REQUIRED WORK
Only one stretch of the records below should be repeated. It starts with the line containing "by (rule intertwining)" and goes on through the line containing "k d by auto", exactly as written.

**** PROVIDED RECORDS ****

lemma (in prob_space) seq_prod_distr_eq:
  assumes G: "group G" and space_MG: "space MG = carrier G"
    and mult: "(\<lambda>p. fst p \<otimes>\<^bsub>G\<^esub> snd p) \<in> MG \<Otimes>\<^sub>M MG \<rightarrow>\<^sub>M MG"
    and X: "\<And>i. i \<in> {1..n} \<Longrightarrow> X i \<in> M \<rightarrow>\<^sub>M MG" and indep: "indep_vars (\<lambda>_. MG) X {1..n}"
    and law: "\<And>i. i \<in> {1..n} \<Longrightarrow> distr M MG (X i) = \<mu>"
    and h: "h \<in> MG \<rightarrow>\<^sub>M MG" "distr \<mu> MG h = \<mu>" "h \<one>\<^bsub>G\<^esub> = \<one>\<^bsub>G\<^esub>"
    and \<sigma>: "bij_betw \<sigma> {1..n} {1..n}"
    and intertwining: "\<And>x. (\<And>i. i \<in> {1..n} \<Longrightarrow> x i \<in> carrier G) \<Longrightarrow>
      h (seq_prod G x n) = seq_prod G (\<lambda>i. h (x (\<sigma> i))) n"
  shows "distr M MG (\<lambda>\<omega>. seq_prod G (\<lambda>i. X i \<omega>) n) = distr M MG (\<lambda>\<omega>. h (seq_prod G (\<lambda>i. X i \<omega>) n))"
proof (cases "n = 0")
  case True
  then show ?thesis
    using h(3) by simp
next
  case False
  have "distr M MG (\<lambda>\<omega>. seq_prod G (\<lambda>i\<in>{1..n}. X i \<omega>) n)
      = distr M MG (\<lambda>\<omega>. h (seq_prod G (\<lambda>i\<in>{1..n}. X i \<omega>) n))"
  proof (rule iid_distr_eq_transform [OF _ _ X indep law h(1,2) \<sigma>])
    show "finite {1..n}" "{1..n} \<noteq> {}"
      using False by auto
    show "(\<lambda>x. seq_prod G x n) \<in> Pi\<^sub>M {1..n} (\<lambda>_. MG) \<rightarrow>\<^sub>M MG"
      using G space_MG by (intro measurable_seq_prod [OF mult]) (auto intro: monoid.one_closed group.is_monoid)
    fix x
    assume "x \<in> space (Pi\<^sub>M {1..n} (\<lambda>_. MG))"
    then have "x i \<in> carrier G" if "i \<in> {1..n}" for i
      using that space_MG by (auto simp: space_PiM)
    then have "h (seq_prod G x n) = seq_prod G (\<lambda>i. h (x (\<sigma> i))) n"
      by (rule intertwining)
    then show "seq_prod G (\<lambda>i\<in>{1..n}. h (x (\<sigma> i))) n = h (seq_prod G x n)"
      by simp
  qed
  then show ?thesis
    by simp
qed
lemma Xseq_le_neg_of_bounds:
  fixes Y :: "nat \<Rightarrow> 'a \<Rightarrow> real" and a :: "nat \<Rightarrow> real"
  assumes a_pos: "\<And>n. a n > 0" and \<rho>: "\<rho> > 0" and L: "L > 0" and s: "s > 0"
    and aL: "\<And>n k. k \<le> n \<Longrightarrow> a k \<le> L * a n"
    and "K \<ge> 1" and d: "d \<ge> 0"
    and path: "\<And>k. k \<ge> 1 \<Longrightarrow> Y k \<omega> \<le> (if k \<le> K then - d else s ^ k)"
    and geom: "\<And>N. (\<Sum>k\<in>{K<..N}. (s / \<rho>) ^ k) \<le> d / (2 * L * \<rho>)"
    and "n \<ge> 1"
  shows "Xseq \<rho> a Y n \<omega> \<le> - (d / 2) * a (n - 1) * \<rho> ^ (n - 1)"
proof -
  define Z where "Z = L * a (n - 1) * \<rho> ^ n"
  have coef: "\<rho> ^ m * a m' \<ge> 0" for m m' using \<rho> a_pos[of m'] by simp
  have "\<rho> ^ (n - 1) * a (n - 1) * Y 1 \<omega> \<le> \<rho> ^ (n - 1) * a (n - 1) * (- d)"
    using path[of 1] \<open>K \<ge> 1\<close> by (intro mult_left_mono coef) auto
  then have first: "\<rho> ^ (n - 1) * a (n - 1) * Y 1 \<omega> \<le> - d * a (n - 1) * \<rho> ^ (n - 1)"
    by (simp add: algebra_simps)
  have rest: "\<rho> ^ (n - k) * a (n - k) * Y k \<omega> \<le> (if K < k then Z * (s / \<rho>) ^ k else 0)"
    if k: "k \<in> {2..n}" for k
  proof (cases "K < k")
    case True
    have "\<rho> ^ (n - k) * a (n - k) * Y k \<omega> \<le> \<rho> ^ (n - k) * a (n - k) * s ^ k"
      using path[of k] k True by (intro mult_left_mono coef) auto
    also have "\<dots> \<le> \<rho> ^ (n - k) * (L * a (n - 1)) * s ^ k"
      using aL[of "n - k" "n - 1"] k \<rho> s by (intro mult_right_mono mult_left_mono) auto
    also have "\<dots> = L * a (n - 1) * (\<rho> ^ (n - k) * s ^ k)"
      by (simp only: ac_simps)
    also have "\<dots> = Z * (s / \<rho>) ^ k"
      using k \<rho> by (simp add: Z_def power_divide power_diff)
    finally show ?thesis using True by simp
  next
    case False
    then have "Y k \<omega> \<le> 0" using path[of k] k d by auto
    then show ?thesis using False coef[of "n - k" "n - k"] by (simp add: mult_nonneg_nonpos)
  qed
  have "(\<Sum>k\<in>{2..n}. \<rho> ^ (n - k) * a (n - k) * Y k \<omega>)
      \<le> (\<Sum>k\<in>{2..n}. if K < k then Z * (s / \<rho>) ^ k else 0)"
    using rest by (intro sum_mono)
  also have "\<dots> = (\<Sum>k\<in>{k \<in> {2..n}. K < k}. Z * (s / \<rho>) ^ k)"
    by (rule sum.inter_filter[symmetric]) simp
  also have "{k \<in> {2..n}. K < k} = {K<..n}" using \<open>K \<ge> 1\<close> by auto
  also have "(\<Sum>k\<in>{K<..n}. Z * (s / \<rho>) ^ k) = Z * (\<Sum>k\<in>{K<..n}. (s / \<rho>) ^ k)"
    by (simp add: sum_distrib_left)
  also have "\<dots> \<le> Z * (d / (2 * L * \<rho>))"
    using geom a_pos[of "n - 1"] L \<rho> by (intro mult_left_mono) (auto simp: Z_def)
  also have "\<dots> = d / 2 * a (n - 1) * \<rho> ^ (n - 1)"
  proof -
    obtain m where n: "n = Suc m" using \<open>n \<ge> 1\<close> by (cases n) auto
    show ?thesis using L \<rho> unfolding Z_def n by (simp add: divide_simps)
  qed
  finally have "(\<Sum>k\<in>{2..n}. \<rho> ^ (n - k) * a (n - k) * Y k \<omega>) \<le> d / 2 * a (n - 1) * \<rho> ^ (n - 1)" .
  moreover have "Xseq \<rho> a Y n \<omega>
      = \<rho> ^ (n - 1) * a (n - 1) * Y 1 \<omega> + (\<Sum>k\<in>{2..n}. \<rho> ^ (n - k) * a (n - k) * Y k \<omega>)"
  proof -
    have "{1..n} = insert 1 {2..n}" using \<open>n \<ge> 1\<close> by auto
    then show ?thesis unfolding Xseq_def by simp
  qed
  ultimately show ?thesis using first by linarith
qed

****

ANSWER AREA
      by (rule intertwining)
    then show "seq_prod G (\<lambda>i\<in>{1..n}. h (x (\<sigma> i))) n = h (seq_prod G x n)"
      by simp
  qed
  then show ?thesis
    by simp
qed
lemma Xseq_le_neg_of_bounds:
  fixes Y :: "nat \<Rightarrow> 'a \<Rightarrow> real" and a :: "nat \<Rightarrow> real"
  assumes a_pos: "\<And>n. a n > 0" and \<rho>: "\<rho> > 0" and L: "L > 0" and s: "s > 0"
    and aL: "\<And>n k. k \<le> n \<Longrightarrow> a k \<le> L * a n"
    and "K \<ge> 1" and d: "d \<ge> 0"
    and path: "\<And>k. k \<ge> 1 \<Longrightarrow> Y k \<omega> \<le> (if k \<le> K then - d else s ^ k)"
    and geom: "\<And>N. (\<Sum>k\<in>{K<..N}. (s / \<rho>) ^ k) \<le> d / (2 * L * \<rho>)"
    and "n \<ge> 1"
  shows "Xseq \<rho> a Y n \<omega> \<le> - (d / 2) * a (n - 1) * \<rho> ^ (n - 1)"
proof -
  define Z where "Z = L * a (n - 1) * \<rho> ^ n"
  have coef: "\<rho> ^ m * a m' \<ge> 0" for m m' using \<rho> a_pos[of m'] by simp
  have "\<rho> ^ (n - 1) * a (n - 1) * Y 1 \<omega> \<le> \<rho> ^ (n - 1) * a (n - 1) * (- d)"
    using path[of 1] \<open>K \<ge> 1\<close> by (intro mult_left_mono coef) auto
  then have first: "\<rho> ^ (n - 1) * a (n - 1) * Y 1 \<omega> \<le> - d * a (n - 1) * \<rho> ^ (n - 1)"
    by (simp add: algebra_simps)
  have rest: "\<rho> ^ (n - k) * a (n - k) * Y k \<omega> \<le> (if K < k then Z * (s / \<rho>) ^ k else 0)"
    if k: "k \<in> {2..n}" for k
  proof (cases "K < k")
    case True
    have "\<rho> ^ (n - k) * a (n - k) * Y k \<omega> \<le> \<rho> ^ (n - k) * a (n - k) * s ^ k"
      using path[of k] k True by (intro mult_left_mono coef) auto
    also have "\<dots> \<le> \<rho> ^ (n - k) * (L * a (n - 1)) * s ^ k"
      using aL[of "n - k" "n - 1"] k \<rho> s by (intro mult_right_mono mult_left_mono) auto
    also have "\<dots> = L * a (n - 1) * (\<rho> ^ (n - k) * s ^ k)"
      by (simp only: ac_simps)
    also have "\<dots> = Z * (s / \<rho>) ^ k"
      using k \<rho> by (simp add: Z_def power_divide power_diff)
    finally show ?thesis using True by simp
  next
    case False
    then have "Y k \<omega> \<le> 0" using path[of k] k d by auto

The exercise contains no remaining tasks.